lemma laplacian_quadratic_form:
  "(\<Sum>i<n. y i * (\<Sum>j<n. laplacian n Eo $$ (i,j) * y j)) =
   (\<Sum>i<n. \<Sum>j<n. if adj_o Eo i j then (y i - y j)^2 else 0) / 2"
proof -
  let ?S = "\<lambda>i j. if adj_o Eo i j then y i * y i - y i * y j else 0"
  have "(\<Sum>i<n. y i * (\<Sum>j<n. laplacian n Eo $$ (i,j) * y j)) = (\<Sum>i<n. \<Sum>j<n. ?S i j)"
    by (intro sum.cong refl)
      (simp add: laplacian_row_mult sum_distrib_left if_distrib right_diff_distrib cong: if_cong)
  moreover have "(\<Sum>i<n. \<Sum>j<n. ?S i j) = (\<Sum>i<n. \<Sum>j<n. ?S j i)" by (rule sum.swap)
  moreover have "(if adj_o Eo i j then (y i - y j)^2 else 0) = ?S i j + ?S j i" for i j
    by (auto simp: adj_o_def power2_eq_square algebra_simps)
  ultimately show ?thesis by (simp add: sum.distrib)
qed

lemma laplacian_quadratic_form_nonneg: "0 \<le> (\<Sum>i<n. y i * (\<Sum>j<n. laplacian n Eo $$ (i,j) * y j))"
  unfolding laplacian_quadratic_form by (intro divide_nonneg_pos sum_nonneg) auto

lemma laplacian_quadratic_form_eq_0:
  assumes "(\<Sum>i<n. y i * (\<Sum>j<n. laplacian n Eo $$ (i,j) * y j)) = 0"
    and "i < n" "j < n" "adj_o Eo i j"
  shows "y i = y j"
proof -
  let ?f = "\<lambda>i j. if adj_o Eo i j then (y i - y j)^2 else 0"
  have "(\<Sum>i<n. \<Sum>j<n. ?f i j) = 0" using assms(1) unfolding laplacian_quadratic_form by simp
  then have "\<forall>i<n. \<forall>j<n. ?f i j = 0"
    by (simp add: sum_nonneg sum_nonneg_eq_0_iff)
  then have "(y i - y j)^2 = 0" using assms(2-4) by presburger
  then show ?thesis by simp
qed

lemma transpose_kron_one: "transpose_mat (kron A (1\<^sub>m d)) = kron (transpose_mat A) (1\<^sub>m d)"
proof (rule eq_matI)
  fix i j assume "i < dim_row (kron (transpose_mat A) (1\<^sub>m d))" "j < dim_col (kron (transpose_mat A) (1\<^sub>m d))"
  then have "i mod d < d" "j mod d < d" "i div d < dim_col A" "j div d < dim_row A"
    by (auto simp: kron_def less_mult_imp_div_less) (cases "d = 0"; simp)+
  then show "transpose_mat (kron A (1\<^sub>m d)) $$ (i, j) = kron (transpose_mat A) (1\<^sub>m d) $$ (i, j)"
    using \<open>i < _\<close> \<open>j < _\<close> by (auto simp: kron_def)
qed (simp_all add: kron_def)

lemma kron_laplacian_quadratic_form:
  assumes x: "x \<in> carrier_vec (n*d)"
  shows "x \<bullet> (kron (laplacian n Eo) (1\<^sub>m d) *\<^sub>v x) =
    (\<Sum>a<d. \<Sum>i<n. x $ (i*d + a) * (\<Sum>j<n. laplacian n Eo $$ (i,j) * x $ (j*d + a)))"
proof -
  have "x \<bullet> (kron (laplacian n Eo) (1\<^sub>m d) *\<^sub>v x) =
     (\<Sum>q<n*d. x $ q * (\<Sum>j<n. laplacian n Eo $$ (q div d, j) * x $ (j*d + q mod d)))"
    unfolding kron_one_mult_vec[OF laplacian_carrier x] using x
    by (simp add: scalar_prod_def atLeast0LessThan)
  also have "\<dots> = (\<Sum>i<n. \<Sum>a<d. x $ (i*d + a) * (\<Sum>j<n. laplacian n Eo $$ (i,j) * x $ (j*d + a)))"
    unfolding sum_lessThan_mult_blocks by simp
  also have "\<dots> = (\<Sum>a<d. \<Sum>i<n. x $ (i*d + a) * (\<Sum>j<n. laplacian n Eo $$ (i,j) * x $ (j*d + a)))"
    by (rule sum.swap)
  finally show ?thesis .
qed

lemma kron_laplacian_mult_translation:
  assumes c: "c \<in> carrier_vec d"
  shows "kron (laplacian n Eo) (1\<^sub>m d) *\<^sub>v translation n d c = 0\<^sub>v (n*d)"
  unfolding kron_one_mult_vec[OF laplacian_carrier translation_carrier]
proof (rule eq_vecI)
  fix q assume "q < dim_vec (0\<^sub>v (n*d) :: real vec)"
  then have q: "q < n*d" "q div d < n" "q mod d < d"
    by (auto simp: less_mult_imp_div_less) (cases "d = 0"; simp)
  have "(\<Sum>i<n. laplacian n Eo $$ (q div d, i) * translation n d c $ (i*d + q mod d))
      = (\<Sum>i<n. laplacian n Eo $$ (q div d, i) * c $ (q mod d))"
    using q by (intro sum.cong refl) (simp add: translation_def stack_agents_index)
  also have "\<dots> = 0" by (simp add: laplacian_row_mult[OF q(2)])
  finally show "vec (n*d) (\<lambda>q. \<Sum>i<n. laplacian n Eo $$ (q div d, i) * translation n d c $ (i*d + q mod d)) $ q
      = 0\<^sub>v (n*d) $ q" using q by simp
qed simp

lemma char_poly_zero_mat: "char_poly (0\<^sub>m d d :: 'a::field mat) = monom 1 d"
proof -
  have "char_poly (0\<^sub>m d d :: 'a mat) = (\<Prod>a\<leftarrow>diag_mat (0\<^sub>m d d :: 'a mat). [:- a, 1:])"
    by (rule char_poly_upper_triangular[of _ d]) (auto simp: upper_triangular_def)
  also have "diag_mat (0\<^sub>m d d :: 'a mat) = replicate d 0"
    by (rule nth_equalityI) (auto simp: diag_mat_def)
  also have "(\<Prod>a\<leftarrow>replicate d (0::'a). [:- a, 1:]) = monom 1 d"
    by (simp add: prod_list_replicate x_as_monom monom_power)
  finally show ?thesis .
qed

lemma char_poly_zero_left_cols:
  fixes B :: "'a::field mat"
  assumes B: "B \<in> carrier_mat (d+k) (d+k)" and z: "\<And>i j. i < d+k \<Longrightarrow> j < d \<Longrightarrow> B $$ (i,j) = 0"
  shows "char_poly B = monom 1 d * char_poly (mat k k (\<lambda>(i,j). B $$ (d+i, d+j)))"
proof -
  define G where "G = mat k k (\<lambda>(i,j). B $$ (d+i, d+j))"
  define B2 where "B2 = mat d k (\<lambda>(i,j). B $$ (i, d+j))"
  have G: "G \<in> carrier_mat k k" and B2: "B2 \<in> carrier_mat d k" by (auto simp: G_def B2_def)
  have BB: "B = four_block_mat (0\<^sub>m d d) B2 (0\<^sub>m k d) G"
    by (rule eq_matI) (use B z in \<open>auto simp: G_def B2_def four_block_mat_def\<close>)
  let ?cm = "\<lambda>A. [:0, 1:] \<cdot>\<^sub>m 1\<^sub>m (dim_row A) + map_mat (\<lambda>a. [:- a:]) A"
  have "char_poly B = det (?cm (four_block_mat (0\<^sub>m d d) B2 (0\<^sub>m k d) G))"
    unfolding char_poly_defs BB ..
  also have "?cm (four_block_mat (0\<^sub>m d d) B2 (0\<^sub>m k d) G) =
     four_block_mat (?cm (0\<^sub>m d d)) (map_mat (\<lambda>a. [:- a:]) B2) (0\<^sub>m k d) (?cm G)"
    by (rule eq_matI) (use G B2 in \<open>auto simp: one_poly_def\<close>)
  also have "det \<dots> = det (?cm (0\<^sub>m d d)) * det (?cm G)"
    by (rule det_four_block_mat_lower_left_zero[OF _ _ refl]) (use G B2 in auto)
  also have "\<dots> = char_poly (0\<^sub>m d d) * char_poly G" unfolding char_poly_defs ..
  finally show ?thesis unfolding char_poly_zero_mat G_def .
qed

lemma scalar_prod_self_eq_0:
  fixes u :: "real vec"
  assumes u: "u \<in> carrier_vec N" and z: "u \<bullet> u = 0"
  shows "u = 0\<^sub>v N"
proof (rule eq_vecI)
  have "(\<Sum>i\<in>{0..<N}. u $ i * u $ i) = 0" using z u by (simp add: scalar_prod_def)
  then have "\<forall>i\<in>{0..<N}. u $ i * u $ i = 0" by (subst (asm) sum_nonneg_eq_0_iff) auto
  then show "\<And>i. i < dim_vec (0\<^sub>v N) \<Longrightarrow> u $ i = 0\<^sub>v N $ i" by auto
qed (use u in auto)

lemma symmetric_mat_kernel_square:
  fixes F :: "real mat"
  assumes F: "F \<in> carrier_mat N N" and sym: "transpose_mat F = F"
    and w: "w \<in> carrier_vec N" and FFw: "F *\<^sub>v (F *\<^sub>v w) = 0\<^sub>v N"
  shows "F *\<^sub>v w = 0\<^sub>v N"
proof (rule scalar_prod_self_eq_0)
  show Fw: "F *\<^sub>v w \<in> carrier_vec N" using F w by simp
  have "(F *\<^sub>v w) \<bullet> (F *\<^sub>v w) = (transpose_mat F *\<^sub>v (F *\<^sub>v w)) \<bullet> w"
    using transpose_vec_mult_scalar[OF F w Fw] by simp
  then show "(F *\<^sub>v w) \<bullet> (F *\<^sub>v w) = 0" unfolding sym FFw using w by simp
qed

lemma order_zero_char_poly_symmetric:
  fixes F :: "real mat"
  assumes F: "F \<in> carrier_mat N N" and sym: "transpose_mat F = F"
    and P: "P \<in> carrier_mat N N" and Q: "Q \<in> carrier_mat N N"
    and PQ: "P * Q = 1\<^sub>m N" and QP: "Q * P = 1\<^sub>m N" and dN: "d \<le> N"
    and ker: "\<And>x. x \<in> carrier_vec N \<Longrightarrow> F *\<^sub>v x = 0\<^sub>v N \<longleftrightarrow> (\<forall>i\<in>{d..<N}. (Q *\<^sub>v x) $ i = 0)"
  shows "Polynomial.order 0 (char_poly F) = d"
proof -
  define k where "k = N - d"
  have Nk: "N = d + k" using dN by (simp add: k_def)
  define B where "B = Q * (F * P)"
  have FP: "F * P \<in> carrier_mat N N" using F P by simp
  have B: "B \<in> carrier_mat (d+k) (d+k)" unfolding B_def Nk[symmetric] using Q FP by simp
  have B_mult: "B *\<^sub>v y = Q *\<^sub>v (F *\<^sub>v (P *\<^sub>v y))" if "y \<in> carrier_vec N" for y
    unfolding B_def assoc_mult_mat_vec[OF Q FP that] assoc_mult_mat_vec[OF F P that] ..
  have "similar_mat F B"
  proof -
    have "P * B * Q = (P * Q) * F * (P * Q)"
      unfolding B_def using P Q F by (simp add: assoc_mult_mat[of _ N N _ N _ N])
    then have "F = P * B * Q" unfolding PQ using F by simp
    then show ?thesis
      unfolding similar_mat_def using similar_mat_witI[OF PQ QP _ F _ P Q] B Nk by auto
  qed
  define G where "G = mat k k (\<lambda>(i,j). B $$ (d+i, d+j))"
  have G: "G \<in> carrier_mat k k" by (simp add: G_def)
  have "B $$ (i,j) = 0" if "i < d+k" "j < d" for i j
  proof -
    have "Q *\<^sub>v col P j = unit_vec N j"
      using P Q that Nk by (simp add: col_mult2[symmetric] QP)
    then have "F *\<^sub>v col P j = 0\<^sub>v N" using ker[of "col P j"] P that by auto
    then have "col (F * P) j = 0\<^sub>v N" using col_mult2[OF F P] that Nk by simp
    moreover have "B $$ (i,j) = row Q i \<bullet> col (F * P) j"
      unfolding B_def using Q FP that Nk by (intro index_mult_mat(1)) auto
    moreover have "row Q i \<in> carrier_vec N" using Q by (simp add: row_def carrier_vecI)
    ultimately show ?thesis by simp
  qed
  then have char_poly_F: "char_poly F = monom 1 d * char_poly G"
    unfolding char_poly_similar[OF \<open>similar_mat F B\<close>] G_def by (rule char_poly_zero_left_cols[OF B])
  have "poly (char_poly G) 0 \<noteq> 0"
  proof
    assume "poly (char_poly G) 0 = 0"
    then obtain v where v: "v \<in> carrier_vec k" "v \<noteq> 0\<^sub>v k" "G *\<^sub>v v = 0 \<cdot>\<^sub>v v"
      using eigenvalue_root_char_poly[OF G, of 0] G unfolding eigenvalue_def eigenvector_def by auto
    moreover have "0 \<cdot>\<^sub>v v = 0\<^sub>v k" using v(1) by (intro eq_vecI) auto
    ultimately have Gv: "G *\<^sub>v v = 0\<^sub>v k" by simp
    define y where "y = vec N (\<lambda>q. if q < d then 0 else v $ (q - d))"
    have y: "y \<in> carrier_vec N" by (simp add: y_def)
    define w where "w = P *\<^sub>v y"
    have w: "w \<in> carrier_vec N" using P y by (simp add: w_def)
    have split: "(\<Sum>j<d+k. f j) = (\<Sum>j<d. f j) + (\<Sum>j<k. f (d+j))" for f :: "nat \<Rightarrow> real"
      by (induct k) (simp_all add: add_Suc_right)
    have "(B *\<^sub>v y) $ (d+i) = (G *\<^sub>v v) $ i" if "i < k" for i
    proof -
      have "(B *\<^sub>v y) $ (d+i) = (\<Sum>j<d+k. B $$ (d+i, j) * y $ j)"
        using B y that Nk by (simp add: scalar_prod_def atLeast0LessThan)
      also have "\<dots> = (\<Sum>j<k. B $$ (d+i, d+j) * v $ j)"
        unfolding split using that Nk by (simp add: y_def)
      also have "\<dots> = (G *\<^sub>v v) $ i"
        using that v(1) by (simp add: G_def scalar_prod_def atLeast0LessThan)
      finally show ?thesis .
    qed
    then have "(Q *\<^sub>v (F *\<^sub>v w)) $ i = 0" if "i \<in> {d..<N}" for i
      using that Gv Nk B_mult[OF y, folded w_def] by (metis atLeastLessThan_iff
          index_zero_vec(1) le_add_diff_inverse less_diff_conv2 add.commute)
    then have "F *\<^sub>v (F *\<^sub>v w) = 0\<^sub>v N" using ker[of "F *\<^sub>v w"] F w by simp
    then have "F *\<^sub>v w = 0\<^sub>v N" by (rule symmetric_mat_kernel_square[OF F sym w])
    moreover have "Q *\<^sub>v w = y"
      using Q P y by (simp add: w_def assoc_mult_mat_vec[symmetric] QP)
    ultimately have "y $ (d+i) = 0" if "i < k" for i
      using ker[OF w] that Nk by auto
    then have "v = 0\<^sub>v k" using v(1) Nk by (intro eq_vecI) (auto simp: y_def)
    then show False using v(2) by simp
  qed
  then have "Polynomial.order 0 (char_poly G) = 0" by (rule order_0I)
  moreover have "Polynomial.order 0 (monom (1::real) d) = d"
    using order_power_n_n[of "0::real" d] by (simp add: x_as_monom monom_power)
  moreover have "char_poly G \<noteq> 0" using \<open>poly (char_poly G) 0 \<noteq> 0\<close> by auto
  ultimately show ?thesis unfolding char_poly_F by (simp add: order_mult)
qed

◇ ◇ ◇ ◇

Try it: Each line from the one containing "0 (monom (1::real)" to the end of the listing above must be printed exactly, and no other line may appear.

Exercise answer:
  moreover have "Polynomial.order 0 (monom (1::real) d) = d"
    using order_power_n_n[of "0::real" d] by (simp add: x_as_monom monom_power)
  moreover have "char_poly G \<noteq> 0" using \<open>poly (char_poly G) 0 \<noteq> 0\<close> by auto
  ultimately show ?thesis unfolding char_poly_F by (simp add: order_mult)
qed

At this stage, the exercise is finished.